The Horse, From Cave Paintings To Modern Art

March 9, 2011

By Jean-Louis Gouraud, Michel Woronoff, Henri-Paul Francfort, and others.
Hardcover
$150.00
ISBN: 978-0-7892-1018-0
This large, lavish volume is a coffee table book worth buying a coffee table for! From the caves at Lascaux to the European racetracks of Degas to the American West of Frederic Remington, the horse has never ceased to inspire our imaginations. Once omnipresent - on the battlefield, in agricultural work, and in transport - horses have little by little disappeared from our immediate environment, but they remain fixtures throughout our museums, atop pedestals in our town squares, in personal collections, and in the landscapes of memory.
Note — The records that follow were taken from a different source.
lemma centerS_conj_mult:
  assumes "z \<in> centerS G (carrier G)" "g \<in> carrier G" "x \<in> carrier G"
  shows "(g \<otimes> z) \<otimes> x \<otimes> inv (g \<otimes> z) = g \<otimes> x \<otimes> inv g"
proof -
  have zc: "z \<in> carrier G" and zx: "z \<otimes> x = x \<otimes> z" using assms by (auto simp: centerS_def)
  have "(g \<otimes> z) \<otimes> x \<otimes> inv (g \<otimes> z) = g \<otimes> (z \<otimes> x) \<otimes> inv z \<otimes> inv g"
    using assms(2,3) zc by (simp add: inv_mult_group m_assoc)
  also have "\<dots> = g \<otimes> x \<otimes> inv g"
    using assms(2,3) zc by (simp add: zx m_assoc)
  finally show ?thesis .
qed

lemma conj_inv_conj:
  assumes "g \<in> carrier G" "x \<in> carrier G"
  shows "g \<otimes> (inv g \<otimes> x \<otimes> g) \<otimes> inv g = x"
  using assms by (simp add: m_assoc[symmetric]) (simp add: m_assoc)

lemma conj_mult:
  assumes "g \<in> carrier G" "h \<in> carrier G" "x \<in> carrier G"
  shows "(g \<otimes> h) \<otimes> x \<otimes> inv (g \<otimes> h) = g \<otimes> (h \<otimes> x \<otimes> inv h) \<otimes> inv g"
  using assms by (simp add: inv_mult_group m_assoc)

lemma centerS_normal:
  assumes "subgroup V G" "V \<subseteq> centerS G (carrier G)"
  shows "V \<lhd> G"
  unfolding normal_inv_iff using assms centerS_conj by (auto simp: subset_iff)

lemma set_mult_central_subgroup:
  assumes P: "subgroup P G" and V: "subgroup V G" and Z: "V \<subseteq> centerS G (carrier G)"
  shows "subgroup (P <#> V) G" "P \<subseteq> P <#> V" "V \<subseteq> P <#> V"
proof -
  interpret second_isomorphism_grp V G P
    by (intro second_isomorphism_grp.intro centerS_normal V Z second_isomorphism_grp_axioms.intro P)
  have "P <#> V = V <#> P" using commut_normal[OF P centerS_normal[OF V Z]] .
  then show "subgroup (P <#> V) G" "P \<subseteq> P <#> V" "V \<subseteq> P <#> V"
    using normal_set_mult_subgroup S_contained_in_set_mult H_contained_in_set_mult by simp_all
qed

lemma HomS_inclusion:
  assumes "P \<subseteq> Q" "Q \<subseteq> carrier G"
  shows "restrict id P \<in> HomS G P Q"
proof -
  have "restrict id P = restrict (conjm G \<one>) P"
    using assms by (intro restrict_ext) (auto simp: conjm_def)
  moreover have "conjm G \<one> ` P \<subseteq> Q"
    using assms by (auto simp: conjm_def subset_iff)
  ultimately show ?thesis unfolding HomS_def by blast
qed

lemma HomS_central:
  assumes "V \<subseteq> centerS G (carrier G)"
  shows "HomS G V V = {restrict id V}"
proof -
  have VC: "V \<subseteq> carrier G" using assms by (auto simp: centerS_def)
  have "restrict (conjm G g) V = restrict id V" if "g \<in> carrier G" for g
    using assms that centerS_conj by (intro restrict_ext) (auto simp: conjm_def)
  then have "HomS G V V \<subseteq> {restrict id V}" unfolding HomS_def by blast
  then show ?thesis using HomS_inclusion[OF subset_refl VC] by blast
qed

lemma F_InjHomD:
  assumes "fusion_system G F" "subgroup P G" "subgroup Q G" "\<phi> \<in> F P Q"
  shows "\<phi> \<in> extensional P" "\<phi> ` P \<subseteq> Q" "inj_on \<phi> P"
  using fusion_system_InjHom[OF assms(1-3)] assms(4) unfolding InjHom_def by blast+

lemma F_group_hom:
  assumes "fusion_system G F" "subgroup P G" "subgroup Q G" "\<phi> \<in> F P Q"
  shows "group_hom (G\<lparr>carrier := P\<rparr>) G \<phi>"
proof -
  have "\<phi> \<in> InjHom G P Q" using fusion_system_InjHom[OF assms(1-3)] assms(4) by blast
  then have "\<phi> \<in> hom (G\<lparr>carrier := P\<rparr>) G"
    using subgroup.subset[OF assms(3)] unfolding InjHom_def hom_def by auto
  then show ?thesis
    using subgroup_imp_group[OF assms(2)] is_group by (simp add: group_hom_def group_hom_axioms_def)
qed

lemma F_image_subgroup:
  assumes "fusion_system G F" "subgroup P G" "subgroup Q G" "\<phi> \<in> F P Q"
  shows "subgroup (\<phi> ` P) G"
  using group_hom.img_is_subgroup[OF F_group_hom[OF assms]] by simp

lemma F_mult:
  assumes "fusion_system G F" "subgroup P G" "subgroup Q G" "\<phi> \<in> F P Q" "x \<in> P" "y \<in> P"
  shows "\<phi> (x \<otimes> y) = \<phi> x \<otimes> \<phi> y"
  using group_hom.hom_mult[OF F_group_hom[OF assms(1-4)]] assms(5,6) by simp

lemma F_inv:
  assumes "fusion_system G F" "subgroup P G" "subgroup Q G" "\<phi> \<in> F P Q" "x \<in> P"
  shows "\<phi> (inv x) = inv (\<phi> x)"
  using group_hom.hom_inv[OF F_group_hom[OF assms(1-4)]] assms(2,5) by simp

lemma F_corestrict:
  assumes fs: "fusion_system G F" and P: "subgroup P G" and Q: "subgroup Q G" and R: "subgroup R G"
    and \<phi>: "\<phi> \<in> F P R" and sub: "\<phi> ` P \<subseteq> Q"
  shows "\<phi> \<in> F P Q"
proof -
  have I: "subgroup (\<phi> ` P) G" using F_image_subgroup[OF fs P R \<phi>] .
  have "restrict id (\<phi> ` P) \<in> F (\<phi> ` P) Q"
    using fusion_system_HomS[OF fs I Q] HomS_inclusion[OF sub subgroup.subset[OF Q]] by blast
  from fusion_system_comp[OF fs P I Q fusion_system_onto_image[OF fs P R \<phi>] this]
  have "restrict (restrict id (\<phi> ` P) \<circ> \<phi>) P \<in> F P Q" .
  moreover have "restrict (restrict id (\<phi> ` P) \<circ> \<phi>) P = \<phi>"
    using F_InjHomD(1)[OF fs P R \<phi>] by (auto simp: restrict_def extensional_def fun_eq_iff)
  ultimately show ?thesis by simp
qed

lemma F_restrict:
  assumes fs: "fusion_system G F" and P: "subgroup P G" and P': "subgroup P' G" and R: "subgroup R G"
    and sub: "P' \<subseteq> P" and \<phi>: "\<phi> \<in> F P R"
  shows "restrict \<phi> P' \<in> F P' R"
proof -
  have "restrict id P' \<in> F P' P"
    using fusion_system_HomS[OF fs P' P] HomS_inclusion[OF sub subgroup.subset[OF P]] by blast
  from fusion_system_comp[OF fs P' P R this \<phi>]
  show ?thesis by (simp add: restrict_compose_right[of \<phi> id, simplified])
qed

lemma F_factor_through:
  assumes fs: "fusion_system G F" and A: "subgroup A G" and B: "subgroup B G" and C: "subgroup C G"
    and \<alpha>: "\<alpha> \<in> F A C" and \<beta>: "\<beta> \<in> F B C" and sub: "\<alpha> ` A \<subseteq> \<beta> ` B"
  shows "restrict (inv_into B \<beta> \<circ> \<alpha>) A \<in> F A B"
proof -
  have I: "subgroup (\<beta> ` B) G" using F_image_subgroup[OF fs B C \<beta>] .
  have "\<alpha> \<in> F A (\<beta> ` B)" using F_corestrict[OF fs A I C \<alpha> sub] .
  from fusion_system_comp[OF fs A I B this fusion_system_inv_into[OF fs B C \<beta>]]
  show ?thesis by (simp only: restrict_compose_left[OF sub])
qed

lemma F_conj_image:
  assumes fs: "fusion_system G F" and P: "subgroup P G" and Q: "subgroup Q G" and \<phi>: "\<phi> \<in> F P Q"
  shows "F_conj G F P (\<phi> ` P)"
  unfolding F_conj_def
  using P F_image_subgroup[OF fs P Q \<phi>] fusion_system_onto_image[OF fs P Q \<phi>]
    fusion_system_inv_into[OF fs P Q \<phi>] by blast

lemma F_conj_refl:
  assumes fs: "fusion_system G F" and P: "subgroup P G"
  shows "F_conj G F P P"
proof -
  have "restrict id P \<in> F P P"
    using fusion_system_HomS[OF fs P P] HomS_inclusion[OF subset_refl subgroup.subset[OF P]] by blast
  from F_conj_image[OF fs P P this] show ?thesis by simp
qed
Transcending genres, places, and eras, specialists on the history of the horse and its representation in art create an ideal panorama on the subject, taking readers through the rich legacy of The Horse: From Cave Paintings to Modern Art. With these scholars you'll cross the principal continents from east to west and from prehistory to the present day, examining an ever-surprising gallery of images that illustrate how dearly horses have been prized by all human societies fortunate enough to encounter them.
The artistic styles represented in this book offer something for every taste. There are cave paintings and sculptures, medieval illuminated manuscripts and photographs, depictions of battle, and scenes of leisure. Uccello, Rubens, Van Dyck, Velásquez, Géricault, Stubbs, David, and Picasso, Frederic Remington, even Henri de Toulouse-Lautrec are among the 137 artists featured in this indepth study. As the more than 300 images in The Horse diversely illustrate, the horse is as beautiful an animal as it has been useful - indeed, central - to the development of human society.
The thirteen authors who contributed to this volume are all experts in their art historical fields. Joe Fargis who wrote the book’s Foreword, is one of the most successful riders ever to represent the U.S. Equestrian team in international competition. During the 1984 Summer Olympics in Los Angeles, Fargis won the show jumping individual gold medal and the team gold medal. He is only the second U.S. athlete to win an individual gold medal in show jumping. He was also a member of the silver medal show jumping team during the 1988 Summer Olympics in Seoul and won a team gold medal at the 1975 Pan American Games in Mexico City.